Woolworths supplier Tim Bale, Stewarts River via Taree said domestic milk providers are less and less affected by export of dairy components and if processors use that as an excuse "they will have no dairy farmers left".
"They just need to look at what's happening in the industry. If prices fall there will be a bigger exodus," he said. "There is a serious decline in milk production and somehow we have to stop it because the demand for liquid milk is insatiable. Processors have got to look at the demand and where the industry is going and they need to think about future volume."
Processors have delivered real rises in farmgate prices during the pandemic, but almost instant spikes to inputs cruelled any cash windfall to the point that the industry is stationary, with no ability to reduce enormous debt on family enterprises.
"We are holding our own, but still recovering from last year's disastrous flood," says Lactalis supplier Wayne Clarke, Dobies Bight via Casino, who relied on flood grants to help see the family operation through.
"Replacing cows and getting the calving pattern back right all takes time and money. The fatigue is real and something you have to deal with.
"There are concerns that southern processors are still looking at export prices to gauge their farmgate offer, with New Zealand already lowering its price. Should prices come back the extra stress will likely make a number of producers question why they remain in the industry."

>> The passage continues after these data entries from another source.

lemma char_eval_gr_mult:
  assumes fin: "finite (carrier G)" and \<psi>: "\<psi> \<in> characters G"
  shows "char_eval G \<psi> (gr_mult G x z) = char_eval G \<psi> x * char_eval G \<psi> z"
proof -
  have "char_eval G \<psi> (gr_mult G x z) = (\<Sum>g\<in>carrier G. \<Sum>h\<in>carrier G. x h * z (inv h \<otimes> g) * \<psi> g)"
    unfolding char_eval_def gr_mult_def by (simp add: sum_distrib_right)
  also have "\<dots> = (\<Sum>h\<in>carrier G. \<Sum>g\<in>carrier G. x h * z (inv h \<otimes> g) * \<psi> g)"
    by (rule sum.swap)
  also have "\<dots> = (\<Sum>h\<in>carrier G. \<Sum>g\<in>carrier G. x h * \<psi> h * (z g * \<psi> g))"
  proof (rule sum.cong[OF refl])
    fix h
    assume h: "h \<in> carrier G"
    have "(\<Sum>g\<in>carrier G. x h * z (inv h \<otimes> g) * \<psi> g)
        = (\<Sum>g\<in>carrier G. x h * z (inv h \<otimes> (h \<otimes> g)) * \<psi> (h \<otimes> g))"
      using sum_subgroup_translate[OF subgroup_self h, of "\<lambda>g. x h * z (inv h \<otimes> g) * \<psi> g"]
      by simp
    also have "\<dots> = (\<Sum>g\<in>carrier G. x h * \<psi> h * (z g * \<psi> g))"
      using h character_mult[OF \<psi> h] by (intro sum.cong) (simp_all add: m_assoc[symmetric])
    finally show "(\<Sum>g\<in>carrier G. x h * z (inv h \<otimes> g) * \<psi> g)
        = (\<Sum>g\<in>carrier G. x h * \<psi> h * (z g * \<psi> g))" .
  qed
  also have "\<dots> = char_eval G \<psi> x * char_eval G \<psi> z"
    by (simp add: char_eval_def sum_product)
  finally show ?thesis .
qed

lemma gr_mult_delta:
  assumes "finite (carrier G)" "h \<in> carrier G" "g \<in> carrier G"
  shows "gr_mult G (\<lambda>k. if k = h then 1 else 0) x g = x (inv h \<otimes> g)"
  using assms by (simp add: gr_mult_def of_bool_def[symmetric] sum.delta')

lemma char_eval_delta:
  assumes "finite (carrier G)" "h \<in> carrier G"
  shows "char_eval G \<psi> (\<lambda>k. if k = h then 1 else 0) = \<psi> h"
  using assms by (simp add: char_eval_def of_bool_def[symmetric] sum.delta')

lemma char_eval_norm_elem:
  fixes \<psi> :: "'a \<Rightarrow> 'o::idom"
  assumes fin: "finite (carrier G)" and I: "subgroup I G" and \<psi>: "\<psi> \<in> characters G"
    and h: "h \<in> I" "\<psi> h \<noteq> 1"
  shows "char_eval G \<psi> (norm_elem I) = 0"
proof -
  have I_sub: "I \<subseteq> carrier G" using subgroup.subset[OF I] .
  have "char_eval G \<psi> (norm_elem I) = (\<Sum>g\<in>carrier G. if g \<in> I then \<psi> g else 0)"
    unfolding char_eval_def norm_elem_def by (intro sum.cong) auto
  also have "\<dots> = (\<Sum>g\<in>I. \<psi> g)"
    using sum.inter_restrict[OF fin, of \<psi> I] I_sub by (simp add: Int_absorb1)
  finally have "char_eval G \<psi> (norm_elem I) = (\<Sum>g\<in>I. \<psi> g)" .
  moreover have "(\<Sum>g\<in>I. \<psi> g) = \<psi> h * (\<Sum>g\<in>I. \<psi> g)"
  proof -
    have "(\<Sum>g\<in>I. \<psi> g) = (\<Sum>g\<in>I. \<psi> (h \<otimes> g))" using sum_subgroup_translate[OF I h(1), of \<psi>] by simp
    also have "\<dots> = \<psi> h * (\<Sum>g\<in>I. \<psi> g)"
      using h(1) I_sub by (simp add: sum_distrib_left character_mult[OF \<psi>] subset_iff)
    finally show ?thesis .
  qed
  ultimately show ?thesis using h(2) by (metis mult_cancel_right1 mult.commute)
qed

lemma gr_mult_norm_elem:
  assumes fin: "finite (carrier G)" and I: "subgroup I G" and g: "g \<in> carrier G"
  shows "gr_mult G y (norm_elem I) g = (\<Sum>h\<in>g <# I. y h)"
proof -
  have mem: "inv h \<otimes> g \<in> I \<longleftrightarrow> h \<in> g <# I" if h: "h \<in> carrier G" for h
  proof
    assume "inv h \<otimes> g \<in> I"
    then have "inv (inv h \<otimes> g) \<in> I" using I by (simp add: subgroup.m_inv_closed)
    then show "h \<in> g <# I" using subgroup.lcos_module_rev[OF I is_group g h] g h by (simp add: inv_mult_group)
  next
    assume "h \<in> g <# I"
    then have "inv g \<otimes> h \<in> I" using subgroup.lcos_module_imp[OF I is_group g] by blast
    then have "inv (inv g \<otimes> h) \<in> I" using I by (simp add: subgroup.m_inv_closed)
    then show "inv h \<otimes> g \<in> I" using g h by (simp add: inv_mult_group)
  qed
  have "gr_mult G y (norm_elem I) g = (\<Sum>h\<in>carrier G. y h * (if inv h \<otimes> g \<in> I then 1 else 0))"
    using g by (simp add: gr_mult_def norm_elem_def)
  also have "\<dots> = (\<Sum>h\<in>carrier G. if h \<in> g <# I then y h else 0)"
    using mem by (intro sum.cong) auto
  also have "\<dots> = (\<Sum>h\<in>g <# I. y h)"
    using sum.inter_restrict[OF fin, of y "g <# I"] l_coset_subset_G[OF subgroup.subset[OF I] g]
    by (simp add: Int_absorb1)
  finally show ?thesis .
qed

lemma right_invariant_in_principal_ideal:
  assumes fin: "finite (carrier G)" and I: "subgroup I G" and x: "x \<in> group_ring G"
    and invariant: "\<And>g i. g \<in> carrier G \<Longrightarrow> i \<in> I \<Longrightarrow> x (g \<otimes> i) = x g"
  shows "x \<in> gr_principal_ideal G (norm_elem I)"
proof -
  define rep where "rep g = (SOME r. r \<in> g <# I)" for g
  define y where "y h = (if h \<in> carrier G \<and> rep h = h then x h else 0)" for h
  have rep: "rep g \<in> g <# I" if "g \<in> carrier G" for g
    unfolding rep_def using lcos_self[OF that I] by (rule someI)
  have "x g = gr_mult G y (norm_elem I) g" for g
  proof (cases "g \<in> carrier G")
    case g: True
    have coset: "h \<in> carrier G \<and> rep h = rep g \<and> x h = x g" if "h \<in> g <# I" for h
      using that l_repr_independence[OF that g I] invariant[OF g] subgroup.elemlcos_carrier[OF I is_group g]
      by (auto simp: rep_def l_coset_def)
    have "gr_mult G y (norm_elem I) g = (\<Sum>h\<in>g <# I. if h = rep g then x g else 0)"
      unfolding gr_mult_norm_elem[OF fin I g] y_def using coset by (intro sum.cong) auto
    also have "\<dots> = x g"
      using rep[OF g] finite_subset[OF l_coset_subset_G[OF subgroup.subset[OF I] g] fin] by simp
    finally show ?thesis by simp
  next
    case False
    then show ?thesis using x by (simp add: group_ring_def gr_mult_def)
  qed
  moreover have "y \<in> group_ring G" by (simp add: y_def group_ring_def)
  ultimately show ?thesis unfolding gr_principal_ideal_def by (auto simp: fun_eq_iff)
qed

end

locale finite_comm_group_exponent = comm_group +
  fixes e :: nat
  assumes finite_carrier: "finite (carrier G)"
    and exponent_pos: "0 < e"
    and pow_exponent: "x \<in> carrier G \<Longrightarrow> x [^] e = \<one>"
begin

lemma subgroup_powers:
  assumes a: "a \<in> carrier G"
  shows "subgroup (range (\<lambda>j::nat. a [^] j)) G"
proof (rule subgroupI)
  fix x y
  assume "x \<in> range (\<lambda>j::nat. a [^] j)" "y \<in> range (\<lambda>j::nat. a [^] j)"
  then obtain i j :: nat where x: "x = a [^] i" and y: "y = a [^] j" by blast
  obtain e' where e: "e = Suc e'" using exponent_pos gr0_conv_Suc by blast
  have "i * e' + i = e * i" by (simp add: e)
  then have "a [^] (i * e') \<otimes> x = (a [^] e) [^] i"
    using a by (simp only: x nat_pow_mult nat_pow_pow)
  then have "inv x = a [^] (i * e')" using a x pow_exponent by (simp add: inv_equality)
  then show "inv x \<in> range (\<lambda>j::nat. a [^] j)" by blast
  show "x \<otimes> y \<in> range (\<lambda>j::nat. a [^] j)" using a by (simp add: x y nat_pow_mult)
qed (use a in auto)

lemma mem_adjoin_powers_iff:
  "g \<in> H <#> range (\<lambda>j::nat. a [^] j) \<longleftrightarrow> (\<exists>h\<in>H. \<exists>j::nat. g = h \<otimes> a [^] j)"
  by (auto simp: set_mult_def)

lemma adjoin_powers_subgroup:
  assumes H: "subgroup H G" and a: "a \<in> carrier G"
  shows "subgroup (H <#> range (\<lambda>j::nat. a [^] j)) G"
    and "H \<subseteq> H <#> range (\<lambda>j::nat. a [^] j)"
    and "a \<in> H <#> range (\<lambda>j::nat. a [^] j)"
proof -
  show "subgroup (H <#> range (\<lambda>j::nat. a [^] j)) G"
    using mult_subgroups[OF H subgroup_powers[OF a]] .
  show "H \<subseteq> H <#> range (\<lambda>j::nat. a [^] j)"
  proof
    fix h
    assume "h \<in> H"
    moreover have "h = h \<otimes> a [^] (0::nat)" using \<open>h \<in> H\<close> subgroup.mem_carrier[OF H] by simp
    ultimately show "h \<in> H <#> range (\<lambda>j::nat. a [^] j)" unfolding mem_adjoin_powers_iff by blast
  qed
  have "a = \<one> \<otimes> a [^] (1::nat)" using a by simp
  then show "a \<in> H <#> range (\<lambda>j::nat. a [^] j)"
    using subgroup.one_closed[OF H] unfolding mem_adjoin_powers_iff by blast
qed

lemma log_character_adjoin:
  assumes H: "subgroup H G" and l: "log_character G e H l" and a: "a \<in> carrier G"
    and m: "\<And>j::nat. a [^] j \<in> H \<longleftrightarrow> m dvd j" and c: "[m * c = l (a [^] m)] (mod e)"
  shows "\<exists>l'. log_character G e (H <#> range (\<lambda>j::nat. a [^] j)) l'
      \<and> (\<forall>h\<in>H. [l' h = l h] (mod e)) \<and> [l' a = c] (mod e)"
proof (intro exI conjI)
  define rep where "rep g = (SOME p :: 'a \<times> nat. fst p \<in> H \<and> g = fst p \<otimes> a [^] snd p)" for g
  define l' where "l' g = l (fst (rep g)) + snd (rep g) * c" for g
  have l': "[l' (h \<otimes> a [^] j) = l h + j * c] (mod e)" if h: "h \<in> H" for h and j :: nat
  proof -
    let ?P = "\<lambda>p. fst p \<in> H \<and> h \<otimes> a [^] j = fst p \<otimes> a [^] snd p"
    have "?P (h, j)" using h by simp
    then have "?P (rep (h \<otimes> a [^] j))" unfolding rep_def by (rule someI)
    then show ?thesis
      unfolding l'_def using log_character_adjoin_well_defined[OF H l a m c _ h] by simp
  qed
  have hc: "h \<in> carrier G" if "h \<in> H" for h using that subgroup.mem_carrier[OF H] by blast
  show "log_character G e (H <#> range (\<lambda>j::nat. a [^] j)) l'"
    unfolding log_character_def
  proof (intro ballI)
    fix x y
    assume "x \<in> H <#> range (\<lambda>j::nat. a [^] j)" "y \<in> H <#> range (\<lambda>j::nat. a [^] j)"
    then obtain h1 h2 and j1 j2 :: nat
      where h: "h1 \<in> H" "h2 \<in> H" and xy: "x = h1 \<otimes> a [^] j1" "y = h2 \<otimes> a [^] j2"
      unfolding mem_adjoin_powers_iff by blast
    have "h1 \<otimes> a [^] j1 \<otimes> (h2 \<otimes> a [^] j2) = (h1 \<otimes> h2) \<otimes> a [^] (j1 + j2)"
      using a hc h by (simp add: nat_pow_mult m_ac)
    moreover have "h1 \<otimes> h2 \<in> H" using H h by (simp add: subgroup.m_closed)
    ultimately have "[l' (h1 \<otimes> a [^] j1 \<otimes> (h2 \<otimes> a [^] j2)) = l (h1 \<otimes> h2) + (j1 + j2) * c] (mod e)"
      using l' by simp
    also have "[l (h1 \<otimes> h2) + (j1 + j2) * c = (l h1 + j1 * c) + (l h2 + j2 * c)] (mod e)"
      using l h unfolding log_character_def
      by (metis (no_types) add_mult_distrib cong_add cong_refl add.assoc add.left_commute)
    also have "[(l h1 + j1 * c) + (l h2 + j2 * c) = l' (h1 \<otimes> a [^] j1) + l' (h2 \<otimes> a [^] j2)] (mod e)"
      using l' h by (intro cong_add) (simp_all add: cong_sym)
    finally show "[l' (x \<otimes> y) = l' x + l' y] (mod e)" by (simp only: xy)
  qed
  show "\<forall>h\<in>H. [l' h = l h] (mod e)"
    using l'[of _ 0] hc by simp
  have "[l' a = l \<one> + c] (mod e)"
    using l'[OF subgroup.one_closed[OF H], of 1] a by simp
  also have "[l \<one> + c = 0 + c] (mod e)"
    using log_character_one[OF H l] by (rule cong_add) simp
  finally show "[l' a = c] (mod e)" by simp
qed

lemma log_character_extend_step:
  assumes H: "subgroup H G" and l: "log_character G e H l" and a: "a \<in> carrier G"
  shows "\<exists>l'. log_character G e (H <#> range (\<lambda>j::nat. a [^] j)) l' \<and> (\<forall>h\<in>H. [l' h = l h] (mod e))"
proof -
  obtain m where m: "0 < m" "\<And>j::nat. a [^] j \<in> H \<longleftrightarrow> m dvd j"
    using obtain_pow_mem_subgroup_iff_dvd[OF H a exponent_pos]
      pow_exponent[OF a] subgroup.one_closed[OF H] by auto
  then obtain q where e: "e = m * q"
    using pow_exponent[OF a] subgroup.one_closed[OF H] by (metis dvdE)
  \<comment> \<open>\<open>(a^m)^q = 1\<close> forces \<open>m\<close> to divide \<open>l (a^m)\<close>, so \<open>a\<close> can be sent to \<open>l (a^m) / m\<close>.\<close>
  have "[q * l (a [^] m) = l ((a [^] m) [^] q)] (mod e)"
    using log_character_pow[OF H l m(2)[THEN iffD2]] by (simp add: cong_sym)
  also have "[l ((a [^] m) [^] q) = 0] (mod e)"
    using log_character_one[OF H l] a pow_exponent by (simp add: nat_pow_pow e)
  finally have "m * q dvd q * l (a [^] m)" by (simp add: cong_0_iff e)
  then have "m dvd l (a [^] m)" using e exponent_pos by (simp add: mult.commute)
  then have "[m * (l (a [^] m) div m) = l (a [^] m)] (mod e)" by simp
  then show ?thesis using log_character_adjoin[OF H l a m(2)] by blast
qed

lemma log_character_extend:
  assumes "subgroup H G" and "log_character G e H l"
  shows "\<exists>l'. log_character G e (carrier G) l' \<and> (\<forall>h\<in>H. [l' h = l h] (mod e))"
  using assms
proof (induction "card (carrier G) - card H" arbitrary: H l rule: less_induct)
  case less
  note H = less.prems(1) and l = less.prems(2)
  show ?case
  proof (cases "H = carrier G")
    case True
    then show ?thesis using l by (auto intro!: exI[of _ l])
  next
    case False
    then obtain a where a: "a \<in> carrier G" "a \<notin> H" using subgroup.subset[OF H] by blast
    let ?H' = "H <#> range (\<lambda>j::nat. a [^] j)"
    obtain l' where l': "log_character G e ?H' l'" "\<forall>h\<in>H. [l' h = l h] (mod e)"
      using log_character_extend_step[OF H l a(1)] by blast
    note H' = adjoin_powers_subgroup[OF H a(1)]
    have "card H < card ?H'"
      using H' a(2) finite_subset[OF subgroup.subset[OF H'(1)] finite_carrier]
      by (intro psubset_card_mono) auto
    moreover have "card ?H' \<le> card (carrier G)"
      using subgroup.subset[OF H'(1)] finite_carrier by (rule card_mono[rotated])
    ultimately have "card (carrier G) - card ?H' < card (carrier G) - card H" by linarith
    then obtain l'' where l'': "log_character G e (carrier G) l''" "\<forall>h\<in>?H'. [l'' h = l' h] (mod e)"
      using less.hyps[OF _ H'(1) l'(1)] by blast
    have "\<forall>h\<in>H. [l'' h = l h] (mod e)"
      using l''(2) l'(2) H'(2) by (blast intro: cong_trans)
    then show ?thesis using l''(1) by blast
  qed
qed
(* Let $n,p\ge1$ be integers, let $\mathbf{A}^{p+1}_{n+1}$ be as defined in the context, and let $k=\max\{n+1,p\}$. Then $k.a\vee k.(\sim a)=\top$ for every $a\in A$, whereas there exists $a\in A$ with $n.a\vee n.(\sim a)\ne\top$. That is, $\mathbf{A}^{p+1}_{n+1}$ satisfies the identity $k.x\vee k.\neg x\approx\top$ but not the identity $n.x\vee n.\neg x\approx\top$.
   Context: Order $\mathbb{Z}\times\mathbb{Z}$ lexicographically: $(m,r)\preccurlyeq(k,s)$ iff $m<k$, or $m=k$ and $r\le s$; addition/subtraction of pairs is componentwise, and $\min,\max$ of pairs refer to $\preccurlyeq$. For an integer $n\ge1$ let $L^\omega_{n+1}=\{(m,r)\in\mathbb{Z}^2:(0,0)\preccurlyeq(m,r)\preccurlyeq(n,0)\}$ with $x\ast y=\max\{(0,0),x+y-(n,0)\}$ and $x\to y=\min\{(n,0),(n,0)-x+y\}$. For an integer $p\ge1$ let $L_{p+1}=\{0,1,\dots,p\}$ with $\alpha\ast\beta=\max\{0,\alpha+\beta-p\}$. Define $$A=A^{p+1}_{n+1}=\{\langle(m,r),\alpha\rangle:(m,r)\in L^\omega_{n+1},\ \alpha\in\{0,p\}\}\cup\{\langle(m,r),\alpha\rangle:(0,0)\preccurlyeq(m,r)\preccurlyeq(n-1,0),\ 0<\alpha<p\}.$$ Order: $\langle(m,r),\alpha\rangle\le\langle(k,s),\beta\rangle$ iff one of: (o1) $\alpha\neq0$, $\alpha\le\beta$ and $(m,r)\preccurlyeq(k,s)$; (o2) $\alpha=\beta=0$ and $(k,s)\preccurlyeq(m,r)$; (o3) $\alpha=0$, $\beta\ne0$ and $(n-1,0)\preccurlyeq(m+k,r+s)$. $\wedge,\vee$ denote meet and join for $\le$. Put $\bot=\langle(n,0),0\rangle$, $\top=\langle(n,0),p\rangle$. For $a=\langle(m,r),\alpha\rangle$, $b=\langle(k,s),\beta\rangle\in A$ define $a\odot b$ by: (P1) if $\alpha,\beta\ge1$ and $\alpha+\beta>p$: $a\odot b=\langle(m,r)\ast(k,s),\alpha+\beta-p\rangle$; (P2) if $\alpha,\beta\ge1$ and $\alpha+\beta\le p$: $a\odot b=\langle\min\{(n,0),(2n-(m+k+1),-(r+s))\},0\rangle$; (P3) if $\alpha\ge1$, $\beta=0$: $a\odot b=\langle(m,r)\to(k,s),0\rangle$, and if $\alpha=0$, $\beta\ge1$: $a\odot b=\langle(k,s)\to(m,r),0\rangle$; (P4) if $\alpha=\beta=0$: $a\odot b=\langle\min\{(n,0),(m+k+1,r+s)\},0\rangle$. Define $\sim\langle(m,r),\alpha\rangle=\langle(m,r),p-\alpha\rangle$ if $\alpha\in\{0,p\}$, and $\sim\langle(m,r),\alpha\rangle=\langle(n-1-m,-r),p-\alpha\rangle$ if $0<\alpha<p$. Define $a\Rightarrow b=\sim(a\odot\sim b)$ (so $\sim a=a\Rightarrow\bot$, interpreting $\neg x=x\to\bot$). The algebra $\mathbf{A}^{p+1}_{n+1}$ is $\langle A;\odot,\Rightarrow,\wedge,\vee,\bot,\top\rangle$. Terms: $a^0=\top$, $a^{k+1}=a\odot a^k$; $a\oplus b=\sim(\sim a\odot\sim b)$; $0.a=\bot$, $(k+1).a=a\oplus k.a$. *)

theory Defs
  imports Main
begin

After three years of rain on the Mid North Coast, Wauchope dairy farmer Luke Cleary, said most farmers were back on track for milk production and planting management.
"We've come off the back of one of the most atrociously wet periods in living memory," Mr Cleary said, who is the chair of Mid Coast Dairy Advancement Group.
"It had a big impact on people, with some isolated by crossings in the floods saying they have anxiety attacks whenever they hear rain on the roof."
But in August when the rain stopped he said it was a turning point for dairy farmers as it "finally dried up".
"We've had the ideal autumn planting weather, we were able to drill in oats and rye grass without weather delays in the past six weeks, which is much of the same story for people in the region," he said.
But he said those at Old Bar who saw 300mm fall overnight about a month ago had seen some delays.
"It's nothing like last year,' he said.
"Last year we were still planting winter feed in spring as we couldn't walk on a paddock let alone get a machine on the paddock, it was even too wet for drone planting."
With just weeks before new milk prices were announced, Mr Cleary, who produces around three million litres a year, hoped processors would "put out a good price".